▶ **Exercise description**
Determine the number of lines in the listing that include the string "dest"; the reply consists of that number only.
-------- Data shown --------
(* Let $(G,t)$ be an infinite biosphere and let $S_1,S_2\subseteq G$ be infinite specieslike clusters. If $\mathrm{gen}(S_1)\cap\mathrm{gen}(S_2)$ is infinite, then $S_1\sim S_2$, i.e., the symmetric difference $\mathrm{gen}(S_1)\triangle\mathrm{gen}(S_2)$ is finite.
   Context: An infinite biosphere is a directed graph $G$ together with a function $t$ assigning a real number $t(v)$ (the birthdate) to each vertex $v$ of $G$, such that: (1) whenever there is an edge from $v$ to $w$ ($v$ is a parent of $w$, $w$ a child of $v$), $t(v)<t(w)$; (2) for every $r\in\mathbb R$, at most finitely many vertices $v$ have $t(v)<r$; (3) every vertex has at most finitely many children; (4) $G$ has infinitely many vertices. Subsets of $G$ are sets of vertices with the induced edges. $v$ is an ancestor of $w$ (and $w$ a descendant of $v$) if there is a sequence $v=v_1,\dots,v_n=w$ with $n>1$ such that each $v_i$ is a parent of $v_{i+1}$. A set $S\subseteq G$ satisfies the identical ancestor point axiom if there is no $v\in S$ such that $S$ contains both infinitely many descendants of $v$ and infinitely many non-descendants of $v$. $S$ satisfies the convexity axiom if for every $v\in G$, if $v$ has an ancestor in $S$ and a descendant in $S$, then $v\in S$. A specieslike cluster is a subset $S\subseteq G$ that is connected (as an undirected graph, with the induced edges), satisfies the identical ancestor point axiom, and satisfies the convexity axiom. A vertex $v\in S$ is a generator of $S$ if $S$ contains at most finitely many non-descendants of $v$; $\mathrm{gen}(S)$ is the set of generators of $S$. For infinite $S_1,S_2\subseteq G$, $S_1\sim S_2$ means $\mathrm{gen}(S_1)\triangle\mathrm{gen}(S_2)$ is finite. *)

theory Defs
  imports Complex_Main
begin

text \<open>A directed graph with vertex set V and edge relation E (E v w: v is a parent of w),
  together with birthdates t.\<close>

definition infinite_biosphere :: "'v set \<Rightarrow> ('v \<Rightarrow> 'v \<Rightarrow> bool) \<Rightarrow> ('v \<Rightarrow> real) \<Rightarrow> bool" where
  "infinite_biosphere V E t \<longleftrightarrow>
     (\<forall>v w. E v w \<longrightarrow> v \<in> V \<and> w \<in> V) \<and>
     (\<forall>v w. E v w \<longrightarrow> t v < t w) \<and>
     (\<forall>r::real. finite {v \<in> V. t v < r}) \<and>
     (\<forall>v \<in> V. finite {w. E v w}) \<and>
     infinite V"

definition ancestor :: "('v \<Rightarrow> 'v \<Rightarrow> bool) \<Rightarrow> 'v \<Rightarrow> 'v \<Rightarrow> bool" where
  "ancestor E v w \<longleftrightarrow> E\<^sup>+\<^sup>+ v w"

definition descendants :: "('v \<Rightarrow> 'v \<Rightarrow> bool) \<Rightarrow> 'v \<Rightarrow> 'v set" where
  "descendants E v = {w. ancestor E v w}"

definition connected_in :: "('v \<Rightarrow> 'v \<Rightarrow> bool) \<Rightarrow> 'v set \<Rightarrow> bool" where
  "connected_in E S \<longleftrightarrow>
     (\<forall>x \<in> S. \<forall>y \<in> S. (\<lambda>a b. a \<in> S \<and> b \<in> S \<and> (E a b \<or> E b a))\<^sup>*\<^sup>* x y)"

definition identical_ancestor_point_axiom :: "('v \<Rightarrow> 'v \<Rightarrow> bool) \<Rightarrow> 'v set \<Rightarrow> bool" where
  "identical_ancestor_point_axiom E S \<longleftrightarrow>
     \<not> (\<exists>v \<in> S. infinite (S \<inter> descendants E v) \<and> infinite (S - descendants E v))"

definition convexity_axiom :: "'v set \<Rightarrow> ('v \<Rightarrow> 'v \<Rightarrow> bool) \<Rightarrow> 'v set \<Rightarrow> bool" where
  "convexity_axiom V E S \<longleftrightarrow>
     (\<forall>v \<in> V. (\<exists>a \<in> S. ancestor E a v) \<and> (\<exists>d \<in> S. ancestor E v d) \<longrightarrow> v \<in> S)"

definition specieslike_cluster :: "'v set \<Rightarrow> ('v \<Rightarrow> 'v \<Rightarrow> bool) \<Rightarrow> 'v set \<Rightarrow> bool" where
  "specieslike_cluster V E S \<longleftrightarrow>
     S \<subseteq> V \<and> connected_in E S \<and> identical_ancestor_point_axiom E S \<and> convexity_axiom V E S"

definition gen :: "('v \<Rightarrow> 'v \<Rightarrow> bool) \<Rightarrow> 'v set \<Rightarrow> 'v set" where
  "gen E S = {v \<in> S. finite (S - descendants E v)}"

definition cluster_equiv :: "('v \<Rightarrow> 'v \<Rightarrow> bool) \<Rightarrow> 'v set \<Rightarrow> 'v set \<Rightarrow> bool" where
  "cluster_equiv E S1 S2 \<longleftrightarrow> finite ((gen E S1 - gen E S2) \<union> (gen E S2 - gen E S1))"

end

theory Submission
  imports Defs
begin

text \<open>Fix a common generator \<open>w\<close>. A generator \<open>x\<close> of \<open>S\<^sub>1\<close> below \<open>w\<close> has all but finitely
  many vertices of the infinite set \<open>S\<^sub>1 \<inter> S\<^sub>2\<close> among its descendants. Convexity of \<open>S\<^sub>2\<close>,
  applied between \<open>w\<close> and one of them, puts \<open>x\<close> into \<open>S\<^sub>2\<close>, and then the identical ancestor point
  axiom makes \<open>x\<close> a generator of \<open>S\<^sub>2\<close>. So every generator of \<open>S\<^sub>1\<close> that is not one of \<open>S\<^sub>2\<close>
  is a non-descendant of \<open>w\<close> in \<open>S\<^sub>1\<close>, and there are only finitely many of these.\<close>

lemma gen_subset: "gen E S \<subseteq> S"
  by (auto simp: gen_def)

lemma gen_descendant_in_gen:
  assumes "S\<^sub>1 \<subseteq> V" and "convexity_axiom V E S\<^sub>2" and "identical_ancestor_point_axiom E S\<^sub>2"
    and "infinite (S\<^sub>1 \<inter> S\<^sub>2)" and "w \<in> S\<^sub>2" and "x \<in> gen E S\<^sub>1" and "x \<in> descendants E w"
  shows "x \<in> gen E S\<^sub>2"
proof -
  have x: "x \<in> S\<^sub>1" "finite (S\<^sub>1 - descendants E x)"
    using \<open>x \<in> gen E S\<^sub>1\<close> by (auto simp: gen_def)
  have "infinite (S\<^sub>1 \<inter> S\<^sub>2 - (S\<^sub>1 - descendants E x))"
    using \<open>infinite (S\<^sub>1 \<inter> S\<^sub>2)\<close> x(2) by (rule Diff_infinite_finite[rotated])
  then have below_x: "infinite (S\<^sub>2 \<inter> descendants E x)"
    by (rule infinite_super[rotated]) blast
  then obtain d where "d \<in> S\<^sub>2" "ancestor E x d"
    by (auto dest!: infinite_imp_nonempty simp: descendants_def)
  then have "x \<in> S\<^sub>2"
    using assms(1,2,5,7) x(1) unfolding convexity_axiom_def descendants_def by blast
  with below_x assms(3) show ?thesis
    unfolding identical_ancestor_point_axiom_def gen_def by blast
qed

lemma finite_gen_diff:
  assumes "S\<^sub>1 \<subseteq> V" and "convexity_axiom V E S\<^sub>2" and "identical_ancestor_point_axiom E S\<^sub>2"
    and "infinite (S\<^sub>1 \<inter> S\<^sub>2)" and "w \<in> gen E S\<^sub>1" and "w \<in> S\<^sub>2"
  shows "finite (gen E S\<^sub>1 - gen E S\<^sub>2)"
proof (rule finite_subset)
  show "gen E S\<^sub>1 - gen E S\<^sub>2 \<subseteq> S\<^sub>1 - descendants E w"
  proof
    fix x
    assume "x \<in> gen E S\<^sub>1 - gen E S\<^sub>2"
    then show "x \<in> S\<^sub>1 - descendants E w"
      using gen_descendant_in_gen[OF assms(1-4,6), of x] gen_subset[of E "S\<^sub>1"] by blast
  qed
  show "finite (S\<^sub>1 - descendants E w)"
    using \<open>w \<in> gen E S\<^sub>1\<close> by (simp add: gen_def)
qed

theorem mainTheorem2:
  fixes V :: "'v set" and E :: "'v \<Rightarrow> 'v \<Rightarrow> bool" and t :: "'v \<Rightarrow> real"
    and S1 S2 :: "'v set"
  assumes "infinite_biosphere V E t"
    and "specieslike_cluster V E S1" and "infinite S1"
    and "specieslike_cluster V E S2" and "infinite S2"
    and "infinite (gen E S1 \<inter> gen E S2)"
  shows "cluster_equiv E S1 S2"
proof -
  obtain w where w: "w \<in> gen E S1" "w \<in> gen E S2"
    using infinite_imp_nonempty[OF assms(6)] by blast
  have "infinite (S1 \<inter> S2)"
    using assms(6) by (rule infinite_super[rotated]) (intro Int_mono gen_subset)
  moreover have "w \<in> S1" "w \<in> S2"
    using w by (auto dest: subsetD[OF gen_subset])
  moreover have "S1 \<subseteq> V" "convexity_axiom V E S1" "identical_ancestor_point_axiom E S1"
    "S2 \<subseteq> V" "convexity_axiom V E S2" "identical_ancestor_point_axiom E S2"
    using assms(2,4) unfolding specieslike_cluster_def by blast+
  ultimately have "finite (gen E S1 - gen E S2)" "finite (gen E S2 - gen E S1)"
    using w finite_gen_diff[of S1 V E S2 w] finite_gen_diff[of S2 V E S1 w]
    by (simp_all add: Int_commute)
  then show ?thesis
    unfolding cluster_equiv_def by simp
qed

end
--------
▶ **Response box**
2